I have built an Angular application which uses lazy loading. Throughout the application if there is a 1:1 relationship between a component and service I have structured my code as below:
@Injectable()
export class ContactFormService {
....stuff...
}
@Component({
selector: 'app-contact',
templateUrl: './contact.component.html',
styleUrls: ['./contact.component.scss'],
providers: [ ContactFormService ]
})
export class ContactComponent {
....stuff...
}
As you can see I've directly added the service as one of the providers, rather than using @Injectable({ providedIn: 'root' })
.
At the time I thought it would help any potential issues around using a singleton, should this service be used in a different component and lose that 1:1 relationship.

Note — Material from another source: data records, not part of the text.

section \<open>Hensel lifting\<close>

lemma cube_hensel_step:
  fixes P A B x h e :: int and N :: nat
  assumes unit: "coprime (3 * A * x\<^sup>2) P" and "N \<ge> 1" and x: "A * x ^ 3 + B = P ^ N * h"
  shows "\<exists>t h'. A * (x + P ^ N * t) ^ 3 + B = P ^ N * h' \<and> [h' = e] (mod P)"
proof -
  obtain c where c: "[3 * A * x\<^sup>2 * c = 1] (mod P)"
    using cong_solve_coprime_int[OF unit] by blast
  define t where "t = c * (e - h)"
  define h' where "h' = h + 3 * A * x\<^sup>2 * t + P ^ N * (3 * A * x * t\<^sup>2 + P ^ N * A * t ^ 3)"
  have "A * (x + P ^ N * t) ^ 3 + B
      = (A * x ^ 3 + B) + P ^ N * (3 * A * x\<^sup>2 * t + P ^ N * (3 * A * x * t\<^sup>2 + P ^ N * A * t ^ 3))"
    by (simp add: algebra_simps power2_eq_square power3_eq_cube)
  also have "\<dots> = P ^ N * h'"
    unfolding x h'_def by (simp add: algebra_simps)
  finally have "A * (x + P ^ N * t) ^ 3 + B = P ^ N * h'" .
  moreover have "[h' = e] (mod P)"
  proof -
    have "[P ^ N * (3 * A * x * t\<^sup>2 + P ^ N * A * t ^ 3) = 0] (mod P)"
      using \<open>N \<ge> 1\<close> by (simp add: cong_0_iff dvd_power)
    then have "[h' = h + (3 * A * x\<^sup>2 * c) * (e - h) + 0] (mod P)"
      unfolding h'_def t_def by (intro cong_add cong_refl) (simp_all add: ac_simps)
    also have "[h + (3 * A * x\<^sup>2 * c) * (e - h) + 0 = h + 1 * (e - h) + 0] (mod P)"
      using c by (intro cong_add cong_mult cong_refl)
    finally show ?thesis
      by simp
  qed
  ultimately show ?thesis
    by blast
qed

lemma cube_hensel_lift:
  fixes P A B x0 e :: int and j :: nat
  assumes P: "prime P" "P \<noteq> 3" and A: "\<not> P dvd A" and x0: "\<not> P dvd x0"
    and zero: "P dvd A * x0 ^ 3 + B" and "j \<ge> 1"
  shows "\<exists>x h. A * x ^ 3 + B = P ^ j * h \<and> [h = e] (mod P)"
proof -
  have "\<not> P dvd 3"
    using P primes_dvd_imp_eq[of P 3] by auto
  then have unit: "coprime (3 * A * x\<^sup>2) P" if "[x = x0] (mod P)" for x
    using that P A x0 cong_dvd_iff prime_imp_coprime_int
    by (metis coprime_commute prime_dvd_mult_iff prime_dvd_power_int)
  have lift: "\<exists>x h. [x = x0] (mod P) \<and> A * x ^ 3 + B = P ^ Suc k * h" for k
  proof (induction k)
    case 0
    then show ?case
      using zero by (auto elim!: dvdE intro: cong_refl)
  next
    case (Suc k)
    then obtain x h where x: "[x = x0] (mod P)" and h: "A * x ^ 3 + B = P ^ Suc k * h"
      by blast
    obtain t h' where t: "A * (x + P ^ Suc k * t) ^ 3 + B = P ^ Suc k * h'" and "[h' = 0] (mod P)"
      using cube_hensel_step[OF unit[OF x] _ h, of 0] by auto
    then obtain h'' where "h' = P * h''"
      by (auto simp: cong_0_iff elim!: dvdE)
    have "[x + P ^ Suc k * t = x + 0] (mod P)"
      by (intro cong_add cong_refl) (simp add: cong_0_iff)
    then have "[x + P ^ Suc k * t = x0] (mod P)"
      using x cong_trans by simp
    moreover have "A * (x + P ^ Suc k * t) ^ 3 + B = P ^ Suc (Suc k) * h''"
      using t \<open>h' = P * h''\<close> by simp
    ultimately show ?case
      by blast
  qed
  obtain k where "j = Suc k"
    using \<open>j \<ge> 1\<close> not0_implies_Suc by fastforce
  with lift obtain x h where "[x = x0] (mod P)" "A * x ^ 3 + B = P ^ j * h"
    by blast
  then show ?thesis
    using cube_hensel_step[OF unit] \<open>j \<ge> 1\<close> by blast
qed

section \<open>Density of the ratio set\<close>

lemma diagonal_cubic_value_with_residue:
  fixes P a b c e :: int and j :: nat
  assumes P: "prime P" "P \<noteq> 3" and abc: "\<not> P dvd a" "\<not> P dvd b" "\<not> P dvd c" and "j \<ge> 1"
  shows "\<exists>x y z h. a * x ^ 3 + b * y ^ 3 + c * z ^ 3 = P ^ j * h \<and> [h = e] (mod P)"
proof -
  obtain x0 y0 z0 where nontrivial: "\<not> (P dvd x0 \<and> P dvd y0 \<and> P dvd z0)"
    and zero: "P dvd a * x0 ^ 3 + b * y0 ^ 3 + c * z0 ^ 3"
    using diagonal_cubic_zero_mod_prime[OF P(1) abc] by blast
  consider "\<not> P dvd x0" | "\<not> P dvd y0" | "\<not> P dvd z0"
    using nontrivial by blast
  then show ?thesis
  proof cases
    case 1
    have "P dvd a * x0 ^ 3 + (b * y0 ^ 3 + c * z0 ^ 3)"
      using zero by (simp add: ac_simps)
    from cube_hensel_lift[OF P abc(1) 1 this \<open>j \<ge> 1\<close>, of e] obtain x h
      where "a * x ^ 3 + (b * y0 ^ 3 + c * z0 ^ 3) = P ^ j * h" "[h = e] (mod P)"
      by blast
    then show ?thesis
      by (metis add.assoc)
  next
    case 2
    have "P dvd b * y0 ^ 3 + (a * x0 ^ 3 + c * z0 ^ 3)"
      using zero by (simp add: ac_simps)
    from cube_hensel_lift[OF P abc(2) 2 this \<open>j \<ge> 1\<close>, of e] obtain y h
      where "b * y ^ 3 + (a * x0 ^ 3 + c * z0 ^ 3) = P ^ j * h" "[h = e] (mod P)"
      by blast
    then show ?thesis
      by (metis add.assoc add.commute)
  next
    case 3
    have "P dvd c * z0 ^ 3 + (a * x0 ^ 3 + b * y0 ^ 3)"
      using zero by (simp add: ac_simps)
    from cube_hensel_lift[OF P abc(3) 3 this \<open>j \<ge> 1\<close>, of e] obtain z h
      where "c * z ^ 3 + (a * x0 ^ 3 + b * y0 ^ 3) = P ^ j * h" "[h = e] (mod P)"
      by blast
    then show ?thesis
      by (metis add.commute)
  qed
qed

lemma diagonal_cubic_approximates_multiples:
  fixes P a b c M :: int and n :: nat
  assumes P: "prime P" "P \<noteq> 3" and abc: "\<not> P dvd a" "\<not> P dvd b" "\<not> P dvd c" and "P dvd M"
  shows "\<exists>x y z. P ^ n dvd a * x ^ 3 + b * y ^ 3 + c * z ^ 3 - M"
proof (cases "M = 0")
  case True
  then show ?thesis
    by (intro exI[of _ 0]) simp
next
  case False
  have "\<not> is_unit P"
    using P(1) by (simp add: prime_int_iff)
  define \<alpha> where "\<alpha> = multiplicity P M"
  obtain m where M: "M = P ^ \<alpha> * m" and m: "\<not> P dvd m"
    using multiplicity_decompose'[OF False \<open>\<not> is_unit P\<close>] unfolding \<alpha>_def by blast
  have "\<alpha> \<ge> 1"
    using multiplicity_geI[OF False \<open>\<not> is_unit P\<close>, of 1] \<open>P dvd M\<close> by (simp add: \<alpha>_def)
  define t where "t = (\<alpha> - 1) div 3"
  define j where "j = (\<alpha> - 1) mod 3 + 1"
  have \<alpha>: "\<alpha> = 3 * t + j" and "j \<ge> 1"
    using \<open>\<alpha> \<ge> 1\<close> by (simp_all add: t_def j_def)
  obtain x0 y0 z0 h where F0: "a * x0 ^ 3 + b * y0 ^ 3 + c * z0 ^ 3 = P ^ j * h"
    and h: "[h = m] (mod P)"
    using diagonal_cubic_value_with_residue[OF P abc \<open>j \<ge> 1\<close>] by blast
  have "\<not> P dvd h"
    using h m cong_dvd_iff by blast
  moreover have "P dvd h * 1 ^ 3 + - m"
    using h by (simp add: cong_iff_dvd_diff)
  moreover have "\<not> P dvd 1"
    using P(1) by (simp add: prime_int_iff)
  ultimately obtain s g where s: "h * s ^ 3 + - m = P ^ Suc n * g"
    using cube_hensel_lift[OF P, of h 1 "- m" "Suc n" 0] by auto
  define k where "k = s * P ^ t"
  have "a * (k * x0) ^ 3 + b * (k * y0) ^ 3 + c * (k * z0) ^ 3 - M
      = k ^ 3 * (a * x0 ^ 3 + b * y0 ^ 3 + c * z0 ^ 3) - M"
    by (simp add: power_mult_distrib algebra_simps)
  also have "\<dots> = P ^ \<alpha> * (h * s ^ 3 + - m)"
    unfolding F0 k_def M \<alpha> by (simp add: power_mult_distrib power_add algebra_simps flip: power_mult)
  also have "\<dots> = P ^ n * (P ^ \<alpha> * P * g)"
    unfolding s by (simp add: ac_simps)
  finally show ?thesis
    by (metis dvd_triv_left)
qed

The side effect that I have noticed is that when writing unit tests I have to add overrideComponent()
to the configuration
I have to do this (NOTE: I have to override the provided service):
TestBed.configureTestingModule({
declarations: [ContactComponent]
})
.overrideComponent(ContactComponent,
{ set: { providers: [{ provide: ContactFormService, useValue: contactFormServiceSpyObj }] }})
.compileComponents();
Instead of this:
await TestBed.configureTestingModule({
providers: [
{ provide: ContactFormService, useValue: contactFormServiceSpyObj }
],
declarations: [ ContactComponent ]
}).compileComponents();
This has made me wonder am I following a really bad practice? and if so, what circumstances would be suitable to inject a service in the way that I am doing so?
I understand that @Injectable({ providedIn: 'root' })
helps with the tress shaking process when building the application
I see nothing wrong with what you're doing - I also add services to component providers when I want them to be exclusive to the component instance (and possibly the children).
You should remember though to clean up resources on ngOnDestroy
method in the service . (Yes, angular calls ngOnDestroy
on services).
In situations where only one component instance is displayed at once I prefer a different approach to component provider. I use a singleton service provided in root and call an initialization method of the service on the component ngOnInit
. In that method I clean up any resources left over from previous component instance. That comes really handy when I'm using a single application wide state tree and I don't want to generate keys for each component separately.